Numerous new dialects have also arisen through contacts of the old dialects: these include e.g. the more northern Finnish dialects (a mixture of West and East Finnish), and the Livvi and Ludic varieties (probably originally Veps dialects but heavily influenced by Karelian).

==List of Finnic innovations==

These features distinguish Finnic languages from other Uralic families:

===Sound changes===
Sound changes shared by the various Finnic languages include the following:
- Development of long vowels and various diphthongs from loss of word-medial consonants such as *x, *j, *w, *ŋ.
  - Before a consonant, the Uralic "laryngeal" *x posited on some reconstructions yielded long vowels at an early stage (e.g. /*tuxli/ 'wind' > tuuli), but only the Finnic branch clearly preserves these as such. Later, the same process occurred also between vowels (e.g. *mëxi 'land' > maa).
  - Semivowels *j, *w were usually lost when a root ended in *i and contained a preceding front (in the case of *j, e.g. *täji 'tick' > täi) or rounded vowel (in the case of *w, e.g. *suwi 'mouth' > suu).
  - The velar nasal *ŋ was vocalized everywhere except before *k, leading to its elimination as a phoneme. Depending on the position, the results included semivowels (e.g. *joŋsi 'bow' > jousi, *suŋi 'summer'> suvi) and full vocalization (e.g. *jäŋi 'ice' > jää, *müŋä 'backside' > Estonian möö-, Finnish myö-).
- The development of an alternation between word-final *i and word-internal *e, from a Proto-Uralic second syllable vowel variously reconstructed as *i (as used in this article), *e or *ə.
- Elimination of all Proto-Uralic palatalization contrasts: *ć, *δ́, *ń, *ś > *c, *δ, *n, *s.
- Elimination of the affricate *č, merging with *š or *t, and the spirant *δ, merging with *t (e.g. *muδ́a 'earth' > muta). See above, however, on treatment of *čk.
- Assibilation of *t (from any source) to *c /[t͡s]/ before *i. This later developed to //s// widely: hence e.g. *weti 'water' > Estonian and Finnish vesi (cf. retained //t// in the partitive *wet-tä > Estonian vett, Finnish vettä).
- Consonant gradation, most often for stops, but also found for some other consonants.
- A development *š > h, which, however, postdated the separation of South Estonian.
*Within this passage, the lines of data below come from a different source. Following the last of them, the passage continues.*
lemma coord_sum:
  assumes B: "is_basis N G b" and u: "\<forall>t\<in>I. u t \<in> vecs N" and fin: "finite I"
  shows "coord N G b (\<lambda>r. \<Sum>t\<in>I. a t * u t r) = (\<lambda>g. \<Sum>t\<in>I. a t * coord N G b (u t) g)"
proof (rule coord_eqI[OF B])
  show "\<forall>x. x \<notin> G \<longrightarrow> (\<Sum>t\<in>I. a t * coord N G b (u t) x) = 0"
    using coord_props[OF B] u by (auto intro!: sum.neutral)
  have "lincomb G (\<lambda>g. \<Sum>t\<in>I. a t * coord N G b (u t) g) b
     = (\<lambda>r. \<Sum>t\<in>I. a t * (\<Sum>g\<in>G. coord N G b (u t) g * b g r))"
    unfolding lincomb_def sum_distrib_right sum_distrib_left mult.assoc by (rule ext, rule sum.swap)
  also have "\<dots> = (\<lambda>r. \<Sum>t\<in>I. a t * u t r)"
  proof (rule ext, rule sum.cong[OF refl])
    fix r t assume t: "t \<in> I"
    show "a t * (\<Sum>g\<in>G. coord N G b (u t) g * b g r) = a t * u t r"
      using fun_cong[OF coord_repr[OF B, of "u t"], of r] u t by simp
  qed
  finally show "(\<lambda>r. \<Sum>t\<in>I. a t * u t r) = lincomb G (\<lambda>g. \<Sum>t\<in>I. a t * coord N G b (u t) g) b" by simp
qed

lemma coord_basis_vector:
  assumes B: "is_basis N G b" and g: "g \<in> G"
  shows "coord N G b (b g) = (\<lambda>h. if h = g then 1 else 0)"
proof (rule coord_eqI[OF B])
  show "\<forall>a. a \<notin> G \<longrightarrow> (if a = g then 1 else 0) = 0" using g by auto
  have "finite G" using B unfolding is_basis_def by simp
  then show "b g = lincomb G (\<lambda>h. if h = g then 1 else 0) b"
    unfolding lincomb_def using g by (simp add: if_distrib[of "\<lambda>x. x * _"] cong: if_cong)
qed

lemma coord_lincomb:
  assumes B: "is_basis N G b" and fin: "finite I" and g: "\<forall>t\<in>I. f t \<in> G"
  shows "coord N G b (\<lambda>r. \<Sum>t\<in>I. a t * b (f t) r) = (\<lambda>h. \<Sum>t\<in>I. a t * (if h = f t then 1 else 0))"
  using coord_sum[OF B _ fin, of "\<lambda>t. b (f t)" a] g coord_basis_vector[OF B] is_basis_vecs[OF B] by auto

lemma is_basis_independent:
  assumes B: "is_basis N G b" and c: "\<forall>a. a \<notin> G \<longrightarrow> c a = 0" and z: "lincomb G c b = (\<lambda>r. 0)"
  shows "c a = 0"
proof -
  have "coord N G b (\<lambda>r. 0) = c" using coord_eqI[OF B c] z by simp
  moreover have "coord N G b (\<lambda>r. 0) = (\<lambda>_. 0)"
    by (rule coord_eqI[OF B]) (auto simp: lincomb_def)
  ultimately show ?thesis by (metis)
qed
definition kg_mult :: "'g set \<Rightarrow> ('g \<Rightarrow> 'g \<Rightarrow> 'g) \<Rightarrow> ('g \<Rightarrow> 'k::field) \<Rightarrow> ('g \<Rightarrow> 'k) \<Rightarrow> ('g \<Rightarrow> 'k)" where
  "kg_mult G mu f h = (\<lambda>x. \<Sum>p\<in>{p\<in>G \<times> G. mu (fst p) (snd p) = x}. f (fst p) * h (snd p))"

definition kg_alpha :: "'g set \<Rightarrow> ('g \<Rightarrow> 'g) \<Rightarrow> ('g \<Rightarrow> 'k::field) \<Rightarrow> ('g \<Rightarrow> 'k)" where
  "kg_alpha G alpha f = (\<lambda>x. \<Sum>g\<in>{g\<in>G. alpha g = x}. f g)"

definition kg_S :: "'g set \<Rightarrow> ('g \<Rightarrow> 'g \<Rightarrow> 'g) \<Rightarrow> 'g \<Rightarrow> ('g \<Rightarrow> 'k::field) \<Rightarrow> ('g \<Rightarrow> 'k)" where
  "kg_S G mu e f = (\<lambda>x. \<Sum>g\<in>{g\<in>G. hg_inv G mu e g = x}. f g)"

text \<open>Comultiplication Delta(g) = g \<otimes> g, with KG \<otimes> KG represented as
 coefficient functions on G \<times> G (basis g \<otimes> h).\<close>
definition kg_Delta :: "('g \<Rightarrow> 'k::field) \<Rightarrow> ('g \<times> 'g \<Rightarrow> 'k)" where
  "kg_Delta f = (\<lambda>(x, y). if x = y then f x else 0)"

text \<open>A \<otimes> A as a subspace of KG \<otimes> KG: the span of the simple tensors a \<otimes> b.\<close>
definition tensor_sq :: "('g \<Rightarrow> 'k::field) set \<Rightarrow> ('g \<times> 'g \<Rightarrow> 'k) set" where
  "tensor_sq A = {F. \<exists>(n::nat) c a b. (\<forall>i<n. a i \<in> A \<and> b i \<in> A) \<and>
      F = (\<lambda>(x, y). \<Sum>i<n. c i * a i x * b i y)}"

definition hom_sub_hopf :: "'g set \<Rightarrow> ('g \<Rightarrow> 'g \<Rightarrow> 'g) \<Rightarrow> 'g \<Rightarrow> ('g \<Rightarrow> 'g)
     \<Rightarrow> ('g \<Rightarrow> 'k::field) set \<Rightarrow> bool" where
  "hom_sub_hopf G mu e alpha A \<longleftrightarrow>
     A \<subseteq> KG G \<and> module.subspace kg_scale A \<and>
     kg_basis e \<in> A \<and>
     (\<forall>f\<in>A. \<forall>h\<in>A. kg_mult G mu f h \<in> A) \<and>
     kg_alpha G alpha ` A = A \<and>
     (\<forall>f\<in>A. kg_Delta f \<in> tensor_sq A) \<and>
     (\<forall>f\<in>A. kg_S G mu e f \<in> A)"

definition kg_dim :: "('g \<Rightarrow> 'k::field) set \<Rightarrow> nat" where
  "kg_dim A = vector_space.dim kg_scale A"

end

(*
  Because \<Delta>(g) = g \<otimes> g, the coalgebra condition \<Delta>(A) \<subseteq> A \<otimes> A forces every basis element g
  in the support of an element of A to lie in A itself; hence A is spanned by the set H
  of group elements lying in A, and dim A = |H|.  Untwisting the product by \<alpha>, g * h := \<alpha>\<inverse>(gh),
  turns G into an ordinary group, and closure of A under multiplication, \<alpha>\<inverse> and the antipode
  makes H a subgroup of it, so Lagrange's theorem gives |H| dvd |G|.
*)

theory Submission
  imports Defs "HOL-Algebra.Coset"
begin
lemma gdelta_permute_lower:
  assumes \<tau>: "\<tau> permutes {..<p}"
  shows "gdelta p up (lo \<circ> \<tau>) = of_int (sign \<tau>) * gdelta p up lo"
proof -
  have sign_comp: "sign (\<tau> \<circ> \<sigma>) = sign \<tau> * sign \<sigma>" if "\<sigma> permutes {..<p}" for \<sigma>
    using \<tau> that by (meson finite_lessThan permutation_permutes sign_compose)
  have "gdelta p up lo = (\<Sum>\<sigma> | \<sigma> permutes {..<p}.
       of_int (sign (\<tau> \<circ> \<sigma>)) * (\<Prod>i<p. if up i = lo (\<tau> (\<sigma> i)) then 1 else 0))"
    unfolding gdelta_def using setum_permutations_compose_left[OF \<tau>] by (simp add: o_def)
  also have "\<dots> = of_int (sign \<tau>) * gdelta p up (lo \<circ> \<tau>)"
    unfolding gdelta_def sum_distrib_left by (intro sum.cong refl) (simp add: sign_comp)
  finally have "gdelta p up lo = of_int (sign \<tau>) * gdelta p up (lo \<circ> \<tau>)" .
  then show ?thesis
    by (metis mult.assoc mult_1 of_int_1 of_int_mult sign_idempotent)
qed

lemma gdelta_eq_0_if_not_inj_lower:
  assumes "\<not> inj_on lo {..<p}"
  shows "gdelta p up lo = 0"
proof -
  obtain i j where ij: "i < p" "j < p" "i \<noteq> j" "lo i = lo j"
    using assms unfolding inj_on_def by blast
  then have "lo \<circ> Transposition.transpose i j = lo"
    by (auto simp: fun_eq_iff Transposition.transpose_def)
  then have "gdelta p up lo = - gdelta p up lo"
    using gdelta_permute_lower[of "Transposition.transpose i j" p up lo] ij
    by (simp add: permutes_swap_id sign_swap_id)
  then show ?thesis by simp
qed

lemma gdelta_eq_0_if_not_inj_upper:
  "\<not> inj_on up {..<p} \<Longrightarrow> gdelta p up lo = 0"
  by (metis gdelta_commute gdelta_eq_0_if_not_inj_lower)

lemma gdelta_cong_lower:
  assumes "\<And>i. i < p \<Longrightarrow> lo i = lo' i"
  shows "gdelta p up lo = gdelta p up lo'"
  unfolding gdelta_def using assms permutes_in_image[of _ "{..<p}"]
  by (intro sum.cong prod.cong refl arg_cong2[where f = "(*)"]) auto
Superstrate influence of the neighboring Indo-European language groups (Baltic and Germanic) has been proposed as an explanation for a majority of these changes, though for most of the phonetical details the case is not particularly strong.

===Grammatical changes===
- Agreement of the attributes with the noun, e.g. in Finnish vanho·i·lle mieh·i·lle "to old men" the plural -i- and the case -lle is added also to the adjective.
- Use of a copula verb like on, e.g. mies on vanha "the man is old".
- A tense system with present, preterite, perfect and pluperfect tenses.
- The shift of the proto-Uralic locative *-nA and the ablative *-tA into new, cross-linguistically uncommon functions: the former becoming the essive case, the latter the partitive case.
  - This resulted in the rise of the telicity contrast of the object, which must be in the accusative case or partitive case.
- The rise of two new series of locative cases, the "inner locative" series marked by an element *-s-, and the "outer locative" marked by an element *-l-.
  - The inessive *-ssA and the adessive *-llA were based on the original Uralic locative *-nA, with the *n assimilated to the preceding consonant.
  - The elative *-stA and the ablative *-ltA similarly continue the original Uralic ablative *-tA.
  - The origin of the illative *-sen and the allative *-len is less clear.
  - The element *-s- in the first series has parallels across the other more western Uralic languages, sometimes resulting in formally identical case endings (e.g. an elative ending *-stē ← *-s-tA is found in the Sámi languages, and *-stə ← *s-tA in the Mordvinic languages), though its original function is unclear.
  - The *-l- in the 2nd series likely originates by way of affixation and grammaticalization of the root *ülä- "above, upper" (cf. the prepositions *üllä ← *ül-nä "above", *ültä "from above").